Task goal
Reproduce exactly the lines of the material beneath, from the line that contains "bind_pmf (map_pmf last" to the line that contains "using ne by blast", both included, and no other lines.

#####

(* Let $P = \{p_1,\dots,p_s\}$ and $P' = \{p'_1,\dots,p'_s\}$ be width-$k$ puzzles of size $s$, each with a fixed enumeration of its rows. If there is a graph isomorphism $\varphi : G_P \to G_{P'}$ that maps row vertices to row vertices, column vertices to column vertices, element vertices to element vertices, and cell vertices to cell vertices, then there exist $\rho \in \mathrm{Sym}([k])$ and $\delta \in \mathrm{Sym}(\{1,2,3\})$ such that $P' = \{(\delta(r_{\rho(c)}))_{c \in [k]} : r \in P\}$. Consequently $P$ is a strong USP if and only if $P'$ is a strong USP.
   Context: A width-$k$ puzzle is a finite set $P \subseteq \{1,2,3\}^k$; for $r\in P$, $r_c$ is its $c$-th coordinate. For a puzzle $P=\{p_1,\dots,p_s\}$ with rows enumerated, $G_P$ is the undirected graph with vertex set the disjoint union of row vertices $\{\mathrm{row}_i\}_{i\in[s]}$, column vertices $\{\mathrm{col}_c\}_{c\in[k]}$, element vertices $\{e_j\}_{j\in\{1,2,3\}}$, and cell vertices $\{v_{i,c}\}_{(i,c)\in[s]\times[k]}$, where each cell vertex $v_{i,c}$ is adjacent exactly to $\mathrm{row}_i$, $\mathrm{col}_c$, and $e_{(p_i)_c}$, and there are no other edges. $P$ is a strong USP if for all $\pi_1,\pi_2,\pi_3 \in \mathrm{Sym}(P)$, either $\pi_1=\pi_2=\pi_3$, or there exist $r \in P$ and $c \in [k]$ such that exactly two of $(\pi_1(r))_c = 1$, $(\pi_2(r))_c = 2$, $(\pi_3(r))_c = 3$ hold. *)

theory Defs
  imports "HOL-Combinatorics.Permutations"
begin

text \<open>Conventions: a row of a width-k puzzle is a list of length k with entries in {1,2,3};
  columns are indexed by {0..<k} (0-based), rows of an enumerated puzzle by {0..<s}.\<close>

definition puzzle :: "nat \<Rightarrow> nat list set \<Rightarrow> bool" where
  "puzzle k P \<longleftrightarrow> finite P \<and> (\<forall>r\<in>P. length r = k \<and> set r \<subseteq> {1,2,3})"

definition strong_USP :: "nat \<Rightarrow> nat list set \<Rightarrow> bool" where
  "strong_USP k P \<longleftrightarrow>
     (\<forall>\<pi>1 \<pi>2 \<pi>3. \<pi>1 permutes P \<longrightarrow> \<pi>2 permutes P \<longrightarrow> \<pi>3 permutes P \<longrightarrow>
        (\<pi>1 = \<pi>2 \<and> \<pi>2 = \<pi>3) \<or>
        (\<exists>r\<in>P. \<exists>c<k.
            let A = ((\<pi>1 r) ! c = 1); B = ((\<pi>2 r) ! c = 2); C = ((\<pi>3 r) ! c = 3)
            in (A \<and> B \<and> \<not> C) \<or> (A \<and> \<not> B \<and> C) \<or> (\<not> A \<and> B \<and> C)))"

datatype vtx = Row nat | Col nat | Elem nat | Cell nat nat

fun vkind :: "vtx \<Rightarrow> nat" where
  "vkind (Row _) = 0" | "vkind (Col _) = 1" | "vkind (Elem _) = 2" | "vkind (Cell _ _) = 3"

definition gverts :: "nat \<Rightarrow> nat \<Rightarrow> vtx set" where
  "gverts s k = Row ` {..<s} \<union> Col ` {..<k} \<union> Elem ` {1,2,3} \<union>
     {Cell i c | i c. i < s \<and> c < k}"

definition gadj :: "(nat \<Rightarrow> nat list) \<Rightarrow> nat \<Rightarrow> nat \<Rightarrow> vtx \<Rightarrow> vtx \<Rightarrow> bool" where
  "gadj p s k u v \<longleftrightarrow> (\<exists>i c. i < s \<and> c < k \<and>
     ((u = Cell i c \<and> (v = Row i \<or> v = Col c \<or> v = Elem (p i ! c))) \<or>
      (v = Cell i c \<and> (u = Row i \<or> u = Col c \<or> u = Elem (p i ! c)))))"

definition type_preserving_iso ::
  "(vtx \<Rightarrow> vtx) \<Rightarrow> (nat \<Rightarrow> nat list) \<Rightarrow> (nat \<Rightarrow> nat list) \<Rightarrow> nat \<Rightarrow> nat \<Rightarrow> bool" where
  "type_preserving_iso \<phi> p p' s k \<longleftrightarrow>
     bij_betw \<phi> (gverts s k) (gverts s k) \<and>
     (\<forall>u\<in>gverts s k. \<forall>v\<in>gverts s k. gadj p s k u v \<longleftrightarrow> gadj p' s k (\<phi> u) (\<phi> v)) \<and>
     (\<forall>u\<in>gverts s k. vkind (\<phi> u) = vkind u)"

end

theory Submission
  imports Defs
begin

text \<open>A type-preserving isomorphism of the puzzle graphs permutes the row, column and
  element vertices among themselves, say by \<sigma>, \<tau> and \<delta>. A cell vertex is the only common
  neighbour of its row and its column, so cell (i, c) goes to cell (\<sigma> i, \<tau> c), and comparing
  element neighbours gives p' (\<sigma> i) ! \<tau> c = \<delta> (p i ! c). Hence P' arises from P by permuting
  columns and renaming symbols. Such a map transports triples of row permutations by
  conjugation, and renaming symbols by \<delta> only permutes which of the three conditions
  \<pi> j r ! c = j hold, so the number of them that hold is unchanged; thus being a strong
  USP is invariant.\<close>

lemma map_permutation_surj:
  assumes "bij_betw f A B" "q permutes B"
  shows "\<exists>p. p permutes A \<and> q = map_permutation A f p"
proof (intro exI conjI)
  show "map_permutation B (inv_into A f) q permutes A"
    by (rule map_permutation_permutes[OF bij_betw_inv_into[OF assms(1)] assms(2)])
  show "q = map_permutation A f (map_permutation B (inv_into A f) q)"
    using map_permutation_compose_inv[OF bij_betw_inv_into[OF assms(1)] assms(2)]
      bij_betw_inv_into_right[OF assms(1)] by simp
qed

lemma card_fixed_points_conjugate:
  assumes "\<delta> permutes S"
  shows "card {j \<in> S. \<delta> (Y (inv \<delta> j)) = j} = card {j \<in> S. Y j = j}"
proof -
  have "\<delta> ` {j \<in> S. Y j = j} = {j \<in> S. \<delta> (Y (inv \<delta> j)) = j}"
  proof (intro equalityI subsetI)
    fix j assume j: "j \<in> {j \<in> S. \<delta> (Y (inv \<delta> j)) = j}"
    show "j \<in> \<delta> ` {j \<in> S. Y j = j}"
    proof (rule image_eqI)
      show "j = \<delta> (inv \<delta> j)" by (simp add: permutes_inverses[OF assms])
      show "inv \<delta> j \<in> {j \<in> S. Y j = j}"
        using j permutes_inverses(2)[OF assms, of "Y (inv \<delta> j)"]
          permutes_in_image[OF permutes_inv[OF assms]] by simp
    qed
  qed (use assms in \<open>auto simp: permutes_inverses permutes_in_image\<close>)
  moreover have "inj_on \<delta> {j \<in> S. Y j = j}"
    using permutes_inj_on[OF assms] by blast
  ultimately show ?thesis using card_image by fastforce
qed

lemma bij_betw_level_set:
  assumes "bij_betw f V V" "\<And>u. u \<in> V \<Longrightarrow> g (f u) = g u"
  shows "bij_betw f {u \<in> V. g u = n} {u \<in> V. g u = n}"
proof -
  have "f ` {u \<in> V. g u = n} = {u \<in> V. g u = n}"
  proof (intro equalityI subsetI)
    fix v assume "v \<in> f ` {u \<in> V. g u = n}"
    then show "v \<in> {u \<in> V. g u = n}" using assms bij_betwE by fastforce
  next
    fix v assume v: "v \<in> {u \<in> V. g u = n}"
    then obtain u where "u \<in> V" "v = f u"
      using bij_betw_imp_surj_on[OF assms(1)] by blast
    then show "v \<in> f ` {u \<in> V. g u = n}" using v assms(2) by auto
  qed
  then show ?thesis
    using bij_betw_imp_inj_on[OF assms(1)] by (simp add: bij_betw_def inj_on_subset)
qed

#####

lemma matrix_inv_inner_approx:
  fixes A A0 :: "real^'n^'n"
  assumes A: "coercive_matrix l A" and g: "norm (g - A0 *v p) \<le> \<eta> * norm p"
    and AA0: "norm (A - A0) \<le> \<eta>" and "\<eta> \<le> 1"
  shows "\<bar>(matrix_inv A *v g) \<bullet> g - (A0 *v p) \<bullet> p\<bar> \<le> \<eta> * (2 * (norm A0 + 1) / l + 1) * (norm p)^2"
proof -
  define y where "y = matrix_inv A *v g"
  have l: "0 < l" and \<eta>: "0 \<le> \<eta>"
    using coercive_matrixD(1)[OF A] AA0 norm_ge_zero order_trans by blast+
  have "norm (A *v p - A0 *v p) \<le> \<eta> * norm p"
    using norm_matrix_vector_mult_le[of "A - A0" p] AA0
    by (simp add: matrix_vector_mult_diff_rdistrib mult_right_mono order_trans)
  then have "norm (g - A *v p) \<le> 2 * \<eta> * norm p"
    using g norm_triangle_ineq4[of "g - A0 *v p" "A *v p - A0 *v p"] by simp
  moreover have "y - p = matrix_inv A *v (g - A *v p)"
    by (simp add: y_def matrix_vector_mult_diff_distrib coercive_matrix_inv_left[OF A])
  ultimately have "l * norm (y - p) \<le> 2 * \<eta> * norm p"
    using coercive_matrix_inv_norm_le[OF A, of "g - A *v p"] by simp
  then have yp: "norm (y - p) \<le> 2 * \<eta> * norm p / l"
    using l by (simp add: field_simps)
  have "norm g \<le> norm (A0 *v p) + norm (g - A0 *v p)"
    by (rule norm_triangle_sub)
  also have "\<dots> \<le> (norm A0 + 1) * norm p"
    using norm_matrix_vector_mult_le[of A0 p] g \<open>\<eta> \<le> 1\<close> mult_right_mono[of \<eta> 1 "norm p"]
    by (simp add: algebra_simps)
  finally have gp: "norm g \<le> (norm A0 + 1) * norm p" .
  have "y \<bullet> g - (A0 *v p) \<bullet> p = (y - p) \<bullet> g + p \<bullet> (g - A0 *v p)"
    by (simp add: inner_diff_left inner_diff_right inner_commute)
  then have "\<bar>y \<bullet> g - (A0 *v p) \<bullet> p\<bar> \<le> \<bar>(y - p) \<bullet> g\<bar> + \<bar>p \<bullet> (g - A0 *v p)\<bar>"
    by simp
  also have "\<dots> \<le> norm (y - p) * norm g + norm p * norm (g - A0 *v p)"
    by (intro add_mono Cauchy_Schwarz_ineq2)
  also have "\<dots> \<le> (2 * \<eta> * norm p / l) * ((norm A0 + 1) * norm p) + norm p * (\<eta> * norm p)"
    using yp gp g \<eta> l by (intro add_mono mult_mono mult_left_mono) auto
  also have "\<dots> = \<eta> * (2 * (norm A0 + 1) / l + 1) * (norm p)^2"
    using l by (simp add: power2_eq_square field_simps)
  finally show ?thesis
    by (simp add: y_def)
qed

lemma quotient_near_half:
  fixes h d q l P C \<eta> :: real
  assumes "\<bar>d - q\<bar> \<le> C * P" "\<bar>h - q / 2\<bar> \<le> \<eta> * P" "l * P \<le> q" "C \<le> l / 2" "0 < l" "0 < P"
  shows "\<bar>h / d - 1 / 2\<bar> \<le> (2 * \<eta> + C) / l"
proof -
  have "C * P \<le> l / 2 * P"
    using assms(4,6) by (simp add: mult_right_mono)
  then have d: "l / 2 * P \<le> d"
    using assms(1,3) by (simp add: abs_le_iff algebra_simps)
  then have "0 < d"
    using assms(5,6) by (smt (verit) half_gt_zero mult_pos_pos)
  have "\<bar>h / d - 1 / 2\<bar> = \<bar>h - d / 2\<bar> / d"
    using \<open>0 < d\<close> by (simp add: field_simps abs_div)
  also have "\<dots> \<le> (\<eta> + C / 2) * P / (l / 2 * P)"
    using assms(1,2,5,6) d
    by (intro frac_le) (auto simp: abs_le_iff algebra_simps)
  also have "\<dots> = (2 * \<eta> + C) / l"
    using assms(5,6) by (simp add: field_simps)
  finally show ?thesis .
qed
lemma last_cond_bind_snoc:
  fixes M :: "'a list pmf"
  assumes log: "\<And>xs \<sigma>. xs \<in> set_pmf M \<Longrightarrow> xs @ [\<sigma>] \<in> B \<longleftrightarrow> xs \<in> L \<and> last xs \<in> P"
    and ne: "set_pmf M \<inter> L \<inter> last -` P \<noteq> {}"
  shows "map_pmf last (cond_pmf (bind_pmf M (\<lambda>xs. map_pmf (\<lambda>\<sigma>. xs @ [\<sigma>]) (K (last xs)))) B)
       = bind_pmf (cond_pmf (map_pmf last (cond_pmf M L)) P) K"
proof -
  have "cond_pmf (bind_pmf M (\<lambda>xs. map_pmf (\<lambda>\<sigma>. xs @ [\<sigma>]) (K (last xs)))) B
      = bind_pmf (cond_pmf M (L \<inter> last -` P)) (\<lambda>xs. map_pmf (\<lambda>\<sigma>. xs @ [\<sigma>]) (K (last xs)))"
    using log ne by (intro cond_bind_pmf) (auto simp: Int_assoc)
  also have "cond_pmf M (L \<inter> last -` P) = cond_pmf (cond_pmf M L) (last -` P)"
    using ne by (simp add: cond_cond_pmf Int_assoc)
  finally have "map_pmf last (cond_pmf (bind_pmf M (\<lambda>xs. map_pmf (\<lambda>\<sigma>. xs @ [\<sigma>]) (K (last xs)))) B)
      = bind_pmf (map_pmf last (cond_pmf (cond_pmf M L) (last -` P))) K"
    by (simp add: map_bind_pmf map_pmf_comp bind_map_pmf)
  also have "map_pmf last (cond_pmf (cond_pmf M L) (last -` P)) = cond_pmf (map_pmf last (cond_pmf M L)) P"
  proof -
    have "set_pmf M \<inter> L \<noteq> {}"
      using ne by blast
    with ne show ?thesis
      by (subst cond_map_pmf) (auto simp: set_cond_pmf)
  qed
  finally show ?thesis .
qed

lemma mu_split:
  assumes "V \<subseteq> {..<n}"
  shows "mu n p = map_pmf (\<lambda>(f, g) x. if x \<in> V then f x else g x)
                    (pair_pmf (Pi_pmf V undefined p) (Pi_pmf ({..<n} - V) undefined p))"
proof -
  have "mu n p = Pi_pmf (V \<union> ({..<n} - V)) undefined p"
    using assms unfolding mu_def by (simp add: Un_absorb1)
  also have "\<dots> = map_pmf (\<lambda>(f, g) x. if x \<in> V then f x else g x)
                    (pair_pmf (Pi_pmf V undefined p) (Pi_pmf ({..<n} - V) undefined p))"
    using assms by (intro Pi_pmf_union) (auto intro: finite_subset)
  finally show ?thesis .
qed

#####

Reply to the exercise
      = bind_pmf (map_pmf last (cond_pmf (cond_pmf M L) (last -` P))) K"
    by (simp add: map_bind_pmf map_pmf_comp bind_map_pmf)
  also have "map_pmf last (cond_pmf (cond_pmf M L) (last -` P)) = cond_pmf (map_pmf last (cond_pmf M L)) P"
  proof -
    have "set_pmf M \<inter> L \<noteq> {}"
      using ne by blast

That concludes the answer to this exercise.